◆ Task description
Copy out each line of the listing that has the word "union" in it.

:: Task material

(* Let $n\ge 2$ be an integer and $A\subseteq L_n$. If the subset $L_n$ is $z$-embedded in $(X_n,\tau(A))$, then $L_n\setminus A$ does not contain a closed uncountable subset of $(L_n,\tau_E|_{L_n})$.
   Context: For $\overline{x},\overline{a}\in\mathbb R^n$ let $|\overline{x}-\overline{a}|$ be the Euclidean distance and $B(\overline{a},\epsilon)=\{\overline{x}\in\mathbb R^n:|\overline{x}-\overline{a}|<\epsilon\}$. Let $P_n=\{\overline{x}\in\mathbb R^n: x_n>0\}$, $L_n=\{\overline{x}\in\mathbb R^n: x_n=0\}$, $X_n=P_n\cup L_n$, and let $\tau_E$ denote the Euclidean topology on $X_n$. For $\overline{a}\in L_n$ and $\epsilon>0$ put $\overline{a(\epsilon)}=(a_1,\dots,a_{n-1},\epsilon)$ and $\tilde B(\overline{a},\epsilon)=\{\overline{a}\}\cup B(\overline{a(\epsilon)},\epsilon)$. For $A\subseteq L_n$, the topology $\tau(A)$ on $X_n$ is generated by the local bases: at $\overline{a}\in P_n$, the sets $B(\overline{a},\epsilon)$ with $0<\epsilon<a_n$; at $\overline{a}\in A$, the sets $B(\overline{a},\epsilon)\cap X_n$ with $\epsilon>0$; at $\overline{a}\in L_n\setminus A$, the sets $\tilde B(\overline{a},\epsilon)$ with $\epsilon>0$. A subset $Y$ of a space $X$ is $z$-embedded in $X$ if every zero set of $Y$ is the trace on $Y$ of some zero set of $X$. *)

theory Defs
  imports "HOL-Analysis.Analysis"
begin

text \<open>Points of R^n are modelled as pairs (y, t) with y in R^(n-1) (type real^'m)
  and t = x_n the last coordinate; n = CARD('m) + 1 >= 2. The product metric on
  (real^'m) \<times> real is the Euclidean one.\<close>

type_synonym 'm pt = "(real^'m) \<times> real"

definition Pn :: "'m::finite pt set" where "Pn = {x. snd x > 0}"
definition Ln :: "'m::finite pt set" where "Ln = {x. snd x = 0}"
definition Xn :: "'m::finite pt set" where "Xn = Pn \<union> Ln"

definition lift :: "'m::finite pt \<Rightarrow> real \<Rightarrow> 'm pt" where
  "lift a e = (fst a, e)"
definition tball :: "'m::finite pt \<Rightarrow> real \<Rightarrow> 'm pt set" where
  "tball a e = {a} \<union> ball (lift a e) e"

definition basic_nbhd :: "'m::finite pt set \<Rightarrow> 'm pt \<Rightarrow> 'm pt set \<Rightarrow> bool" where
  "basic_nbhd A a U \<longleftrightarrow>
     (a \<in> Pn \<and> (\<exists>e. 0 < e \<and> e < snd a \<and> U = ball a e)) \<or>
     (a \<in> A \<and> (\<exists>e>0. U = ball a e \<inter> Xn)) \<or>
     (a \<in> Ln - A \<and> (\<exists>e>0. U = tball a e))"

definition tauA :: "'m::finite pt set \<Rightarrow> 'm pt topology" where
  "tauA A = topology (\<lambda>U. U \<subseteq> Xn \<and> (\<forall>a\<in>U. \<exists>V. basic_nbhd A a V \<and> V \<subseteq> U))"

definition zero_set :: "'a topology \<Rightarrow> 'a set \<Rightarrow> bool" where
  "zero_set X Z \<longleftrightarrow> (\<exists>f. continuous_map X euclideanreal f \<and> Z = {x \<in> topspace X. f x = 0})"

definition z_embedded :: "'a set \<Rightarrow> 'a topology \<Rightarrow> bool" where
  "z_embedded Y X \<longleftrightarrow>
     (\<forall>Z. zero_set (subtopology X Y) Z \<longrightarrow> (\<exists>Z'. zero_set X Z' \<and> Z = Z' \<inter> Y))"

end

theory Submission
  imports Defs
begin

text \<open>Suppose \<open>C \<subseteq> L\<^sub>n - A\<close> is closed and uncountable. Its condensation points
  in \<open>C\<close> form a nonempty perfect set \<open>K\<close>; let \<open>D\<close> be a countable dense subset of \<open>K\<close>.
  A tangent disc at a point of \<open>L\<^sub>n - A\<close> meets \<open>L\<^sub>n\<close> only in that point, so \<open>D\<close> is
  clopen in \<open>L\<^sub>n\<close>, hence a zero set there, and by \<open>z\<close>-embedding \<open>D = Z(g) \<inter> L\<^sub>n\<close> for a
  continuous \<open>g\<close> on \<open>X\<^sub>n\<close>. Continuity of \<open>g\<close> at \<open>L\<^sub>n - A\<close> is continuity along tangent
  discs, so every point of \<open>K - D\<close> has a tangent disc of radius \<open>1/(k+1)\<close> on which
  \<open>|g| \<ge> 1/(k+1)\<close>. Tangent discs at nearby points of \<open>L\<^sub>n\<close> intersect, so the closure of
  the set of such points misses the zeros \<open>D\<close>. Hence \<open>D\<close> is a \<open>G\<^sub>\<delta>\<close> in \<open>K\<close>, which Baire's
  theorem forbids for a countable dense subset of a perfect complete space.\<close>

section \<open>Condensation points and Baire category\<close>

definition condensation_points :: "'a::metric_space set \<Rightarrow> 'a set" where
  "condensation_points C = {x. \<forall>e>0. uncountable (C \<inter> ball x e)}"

::::
:: Task material

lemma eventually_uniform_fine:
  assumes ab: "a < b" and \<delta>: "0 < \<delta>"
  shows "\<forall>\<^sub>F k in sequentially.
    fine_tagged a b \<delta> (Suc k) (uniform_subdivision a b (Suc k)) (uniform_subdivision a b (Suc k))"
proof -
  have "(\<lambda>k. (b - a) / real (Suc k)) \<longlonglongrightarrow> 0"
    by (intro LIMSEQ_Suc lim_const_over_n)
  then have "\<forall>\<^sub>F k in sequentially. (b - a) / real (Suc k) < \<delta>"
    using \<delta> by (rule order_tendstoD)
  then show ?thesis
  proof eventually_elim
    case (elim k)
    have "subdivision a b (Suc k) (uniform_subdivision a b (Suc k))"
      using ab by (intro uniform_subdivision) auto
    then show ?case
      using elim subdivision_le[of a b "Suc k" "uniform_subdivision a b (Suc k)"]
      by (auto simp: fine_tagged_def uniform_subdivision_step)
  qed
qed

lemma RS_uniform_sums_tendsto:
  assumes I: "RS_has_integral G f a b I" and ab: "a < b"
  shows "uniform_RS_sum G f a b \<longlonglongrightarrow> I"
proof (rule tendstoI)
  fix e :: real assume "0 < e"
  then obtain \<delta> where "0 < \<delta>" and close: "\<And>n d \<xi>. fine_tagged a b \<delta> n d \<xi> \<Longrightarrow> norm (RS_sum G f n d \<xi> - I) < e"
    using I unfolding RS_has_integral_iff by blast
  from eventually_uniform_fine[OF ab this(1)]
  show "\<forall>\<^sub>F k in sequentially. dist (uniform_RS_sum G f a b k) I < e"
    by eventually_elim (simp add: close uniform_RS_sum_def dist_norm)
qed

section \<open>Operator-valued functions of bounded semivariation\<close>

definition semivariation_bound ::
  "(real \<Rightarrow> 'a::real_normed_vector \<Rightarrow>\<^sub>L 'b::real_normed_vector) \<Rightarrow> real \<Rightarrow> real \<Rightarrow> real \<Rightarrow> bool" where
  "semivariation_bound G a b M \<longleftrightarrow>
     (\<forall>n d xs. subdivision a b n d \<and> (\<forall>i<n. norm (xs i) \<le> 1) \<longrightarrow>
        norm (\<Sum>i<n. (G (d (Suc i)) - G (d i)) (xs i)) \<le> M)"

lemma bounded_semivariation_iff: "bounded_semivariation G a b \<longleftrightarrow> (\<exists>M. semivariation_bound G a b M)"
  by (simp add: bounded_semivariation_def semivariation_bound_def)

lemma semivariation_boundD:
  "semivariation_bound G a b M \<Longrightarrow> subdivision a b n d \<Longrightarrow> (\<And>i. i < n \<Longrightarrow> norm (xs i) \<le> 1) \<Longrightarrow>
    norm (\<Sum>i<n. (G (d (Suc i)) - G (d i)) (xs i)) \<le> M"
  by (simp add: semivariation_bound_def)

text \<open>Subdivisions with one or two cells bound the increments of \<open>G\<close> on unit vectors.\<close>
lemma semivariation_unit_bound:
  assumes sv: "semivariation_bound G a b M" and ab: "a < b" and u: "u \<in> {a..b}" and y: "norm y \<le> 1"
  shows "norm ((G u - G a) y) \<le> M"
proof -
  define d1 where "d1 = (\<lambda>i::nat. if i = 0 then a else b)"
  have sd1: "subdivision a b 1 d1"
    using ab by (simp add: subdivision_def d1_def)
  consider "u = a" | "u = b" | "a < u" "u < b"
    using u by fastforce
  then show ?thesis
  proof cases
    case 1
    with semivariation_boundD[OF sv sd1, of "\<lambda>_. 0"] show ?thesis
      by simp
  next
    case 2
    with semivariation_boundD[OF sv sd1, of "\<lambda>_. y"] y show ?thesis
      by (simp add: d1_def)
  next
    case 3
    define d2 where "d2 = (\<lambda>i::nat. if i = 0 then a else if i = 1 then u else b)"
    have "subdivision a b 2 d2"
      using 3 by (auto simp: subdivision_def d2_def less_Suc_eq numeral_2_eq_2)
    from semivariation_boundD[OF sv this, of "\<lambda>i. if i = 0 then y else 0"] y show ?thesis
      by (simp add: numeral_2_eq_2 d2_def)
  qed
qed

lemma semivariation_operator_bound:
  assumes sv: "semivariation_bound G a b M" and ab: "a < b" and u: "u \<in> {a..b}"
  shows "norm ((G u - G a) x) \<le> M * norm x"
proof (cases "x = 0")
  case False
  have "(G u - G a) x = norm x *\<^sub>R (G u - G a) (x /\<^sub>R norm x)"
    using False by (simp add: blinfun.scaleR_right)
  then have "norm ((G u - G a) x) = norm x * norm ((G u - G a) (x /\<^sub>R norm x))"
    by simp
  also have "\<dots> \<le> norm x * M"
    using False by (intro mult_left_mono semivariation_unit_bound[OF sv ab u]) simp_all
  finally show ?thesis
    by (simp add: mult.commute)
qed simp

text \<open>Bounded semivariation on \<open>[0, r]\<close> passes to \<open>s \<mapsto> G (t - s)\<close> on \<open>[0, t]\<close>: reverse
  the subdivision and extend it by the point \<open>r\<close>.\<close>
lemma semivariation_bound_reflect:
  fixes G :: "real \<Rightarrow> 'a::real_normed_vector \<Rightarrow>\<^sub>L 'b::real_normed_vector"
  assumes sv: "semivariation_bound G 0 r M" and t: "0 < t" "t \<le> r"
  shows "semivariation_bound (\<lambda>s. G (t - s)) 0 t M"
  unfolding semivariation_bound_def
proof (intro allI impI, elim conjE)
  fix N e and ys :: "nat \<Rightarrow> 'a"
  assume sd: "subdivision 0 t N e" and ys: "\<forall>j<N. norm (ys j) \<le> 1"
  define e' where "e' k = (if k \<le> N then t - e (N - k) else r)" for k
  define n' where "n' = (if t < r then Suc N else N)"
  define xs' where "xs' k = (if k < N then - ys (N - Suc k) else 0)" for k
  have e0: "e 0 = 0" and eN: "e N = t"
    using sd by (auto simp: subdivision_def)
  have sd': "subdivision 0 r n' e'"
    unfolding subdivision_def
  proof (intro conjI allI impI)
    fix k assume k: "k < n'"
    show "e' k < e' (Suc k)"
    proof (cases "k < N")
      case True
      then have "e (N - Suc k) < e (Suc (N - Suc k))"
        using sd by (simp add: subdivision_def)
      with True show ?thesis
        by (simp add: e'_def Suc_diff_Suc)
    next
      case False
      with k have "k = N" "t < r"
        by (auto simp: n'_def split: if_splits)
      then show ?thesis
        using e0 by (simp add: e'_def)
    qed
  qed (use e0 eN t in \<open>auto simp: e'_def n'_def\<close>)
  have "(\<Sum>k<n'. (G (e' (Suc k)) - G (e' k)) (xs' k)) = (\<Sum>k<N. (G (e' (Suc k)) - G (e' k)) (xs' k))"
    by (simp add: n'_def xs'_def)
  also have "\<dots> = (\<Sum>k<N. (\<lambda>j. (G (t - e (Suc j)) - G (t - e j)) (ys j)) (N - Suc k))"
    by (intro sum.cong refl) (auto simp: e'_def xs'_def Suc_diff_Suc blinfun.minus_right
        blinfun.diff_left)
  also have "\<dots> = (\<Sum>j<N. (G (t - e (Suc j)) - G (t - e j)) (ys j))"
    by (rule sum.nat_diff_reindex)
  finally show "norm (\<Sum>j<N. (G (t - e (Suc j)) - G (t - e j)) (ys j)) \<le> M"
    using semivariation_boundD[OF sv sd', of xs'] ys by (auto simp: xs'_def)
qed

::::

◆ Task solution
definition Xn :: "'m::finite pt set" where "Xn = Pn \<union> Ln"
  "tball a e = {a} \<union> ball (lift a e) e"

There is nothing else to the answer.